*WHAT YOU WILL DO*: After finding the line with "by (rule order_tendstoD(2))" in the data below, set down exactly each line through the one with "using dense \<open>0", inclusive, and stop there.

══ STUDY MATERIAL ══

lemma norm_funpow_glued_vector_le:
  assumes n: "n \<in> A k"
  shows "norm ((T ^^ n) glued_vector - C (y k)) \<le> onorm C * (2 * (1/2) ^ k)"
proof -
  have "1 \<le> n"
    using above[OF n] by simp
  have "(\<lambda>m. (T ^^ n) (C (glued 0 m))) sums (T ^^ n) glued_vector"
    unfolding glued_vector_def
    by (rule bounded_linear.sums[OF TnC_bdd[OF \<open>1 \<le> n\<close>] summable_sums[OF summable_glued]])
  then have "(\<lambda>M. \<Sum>m<M. C (glued (int n) m)) \<longlonglongrightarrow> (T ^^ n) glued_vector"
    unfolding sums_def funpow_C_glued[OF \<open>1 \<le> n\<close>] .
  then have "(\<lambda>M. C ((\<Sum>m<M. glued (int n) m) - y k)) \<longlonglongrightarrow> (T ^^ n) glued_vector - C (y k)"
    by (simp add: linear_diff linear_sum[OF bounded_linear.linear[OF C_bdd]]
        bounded_linear.linear[OF C_bdd] tendsto_diff)
  moreover have "\<forall>\<^sub>F M in sequentially. norm (C ((\<Sum>m<M. glued (int n) m) - y k)) \<le> onorm C * (2 * (1/2) ^ k)"
    unfolding eventually_sequentially
  proof (intro exI allI impI)
    fix M assume "Suc n \<le> M"
    then have "norm ((\<Sum>m<M. glued (int n) m) - y k) \<le> 2 * (1/2) ^ k"
      using glued_partial_sum_near[OF n, of M] by (simp add: two_sided_orbit_def)
    then show "norm (C ((\<Sum>m<M. glued (int n) m) - y k)) \<le> onorm C * (2 * (1/2) ^ k)"
      using onorm[OF C_bdd] onorm_pos_le[OF C_bdd] mult_left_mono order_trans by blast
  qed
  ultimately show ?thesis
    by (rule Lim_norm_ubound[OF trivial_limit_sequentially])
qed

end

lemma (in fhc_construction) A_subset_visiting_times:
  assumes dense: "frequently_dense (\<lambda>k. C (y k))" and "open U" and "U \<noteq> {}"
  obtains k where "A k \<subseteq> {n. n \<ge> 1 \<and> (T ^^ n) glued_vector \<in> U}"
proof -
  obtain x r where "0 < r" and "ball x r \<subseteq> U"
    using assms(2,3) by (meson ex_in_conv open_contains_ball)
  have "(\<lambda>k. onorm C * (2 * (1/2::real) ^ k)) \<longlonglongrightarrow> onorm C * (2 * 0)"
    by (intro tendsto_intros LIMSEQ_power_zero) simp
  then have "\<forall>\<^sub>F k in sequentially. onorm C * (2 * (1/2::real) ^ k) < r / 2"
    by (rule order_tendstoD(2)) (use \<open>0 < r\<close> in simp)
  then obtain K where K: "\<And>k. K \<le> k \<Longrightarrow> onorm C * (2 * (1/2) ^ k) < r / 2"
    unfolding eventually_sequentially by blast
  obtain k where "K \<le> k" and target: "dist (C (y k)) x < r / 2"
    using dense \<open>0 < r\<close> unfolding frequently_dense_def by (meson half_gt_zero)
  have "A k \<subseteq> {n. n \<ge> 1 \<and> (T ^^ n) glued_vector \<in> U}"
  proof safe
    fix n assume n: "n \<in> A k"
    then show "1 \<le> n"
      using above[of n k] by simp
    have "dist ((T ^^ n) glued_vector) (C (y k)) < r / 2"
      using norm_funpow_glued_vector_le[OF n] K[OF \<open>K \<le> k\<close>] by (simp add: dist_norm)
    then have "dist x ((T ^^ n) glued_vector) < r"
      using target dist_triangle[of "(T ^^ n) glued_vector" x "C (y k)"] by (simp add: dist_commute)
    then show "(T ^^ n) glued_vector \<in> U"
      using \<open>ball x r \<subseteq> U\<close> by auto
  qed
  then show ?thesis
    by (rule that)
qed
theorem lemma2:
  fixes n d :: nat
  assumes "1 \<le> d" and "2 * d \<le> n"
  shows "\<exists>\<M> \<S>.
    (\<forall>M\<in>\<M>. is_matching n d M) \<and>
    (\<forall>S\<in>\<S>. S \<subseteq> {1..n} \<and> card S = d) \<and>
    real (card \<M>) \<ge> real (n choose d) / (4 * 2 ^ d) \<and>
    (\<forall>S\<in>\<S>. \<exists>!M. M \<in> \<M> \<and> fully_crosses M S) \<and>
    (\<forall>M\<in>\<M>. \<exists>S\<in>\<S>. fully_crosses M S) \<and>
    (\<forall>S\<in>\<S>. \<exists>!M. M \<in> \<M> \<and> qM M (indic S) \<noteq> 0) \<and>
    vector_space.dim fscale (module.span fscale (qM ` \<M>)) = card \<M>"
proof -
  obtain j where "j \<le> d" and binomial_bound: "n choose d \<le> 2 ^ d * ((n - d) choose j)"
    using choose_le_two_pow_times_choose assms(2) by (metis le_add2 le_trans mult_2)
  obtain I :: "nat set set" and M S where "finite I" and card_I: "card I = (n - d) choose j"
    and matching: "\<And>X. X \<in> I \<Longrightarrow> is_matching n d (M X)"
    and sets: "\<And>X. X \<in> I \<Longrightarrow> S X \<subseteq> {1..n} \<and> card (S X) = d"
    and crosses: "\<And>X Y. X \<in> I \<Longrightarrow> Y \<in> I \<Longrightarrow> fully_crosses (M X) (S Y) \<longleftrightarrow> X = Y"
    using exists_crossing_family[OF \<open>j \<le> d\<close> assms(2)] by blast
  have qM_crosses: "qM (M X) (indic (S Y)) \<noteq> 0 \<longleftrightarrow> X = Y" if "X \<in> I" "Y \<in> I" for X Y
    using qM_indic_neq_zero_iff[of "M X"] matching[OF that(1)] crosses[OF that]
    by (simp add: is_matching_def)
  have "card (M ` I) = card I"
    using crosses by (metis card_image inj_onI)
  moreover have "real (n choose d) / (4 * 2 ^ d) \<le> card I"
  proof -
    have "real (n choose d) \<le> 2 ^ d * card I"
      using binomial_bound card_I by (metis of_nat_le_iff of_nat_mult of_nat_numeral of_nat_power)
    also have "\<dots> \<le> 4 * (2 ^ d * card I)"
      by simp
    finally show ?thesis
      by (simp add: field_simps)
  qed
  moreover have "vector_space.dim fscale (module.span fscale (qM ` M ` I)) = card I"
    using dim_span_biorthogonal[of I "qM \<circ> M" "indic \<circ> S"] \<open>finite I\<close> qM_crosses
    by (simp add: image_comp)
  ultimately show ?thesis
    using matching sets crosses
      ex1_in_image_if_diagonal[of I fully_crosses M S]
      ex1_in_image_if_diagonal[of I "\<lambda>M S. qM M (indic S) \<noteq> 0" M S] qM_crosses
    by (intro exI[of _ "M ` I"] exI[of _ "S ` I"] conjI) auto
qed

═══

*SOLUTION FOR THIS PROBLEM*:
    by (rule order_tendstoD(2)) (use \<open>0 < r\<close> in simp)
  then obtain K where K: "\<And>k. K \<le> k \<Longrightarrow> onorm C * (2 * (1/2) ^ k) < r / 2"
    unfolding eventually_sequentially by blast
  obtain k where "K \<le> k" and target: "dist (C (y k)) x < r / 2"
    using dense \<open>0 < r\<close> unfolding frequently_dense_def by (meson half_gt_zero)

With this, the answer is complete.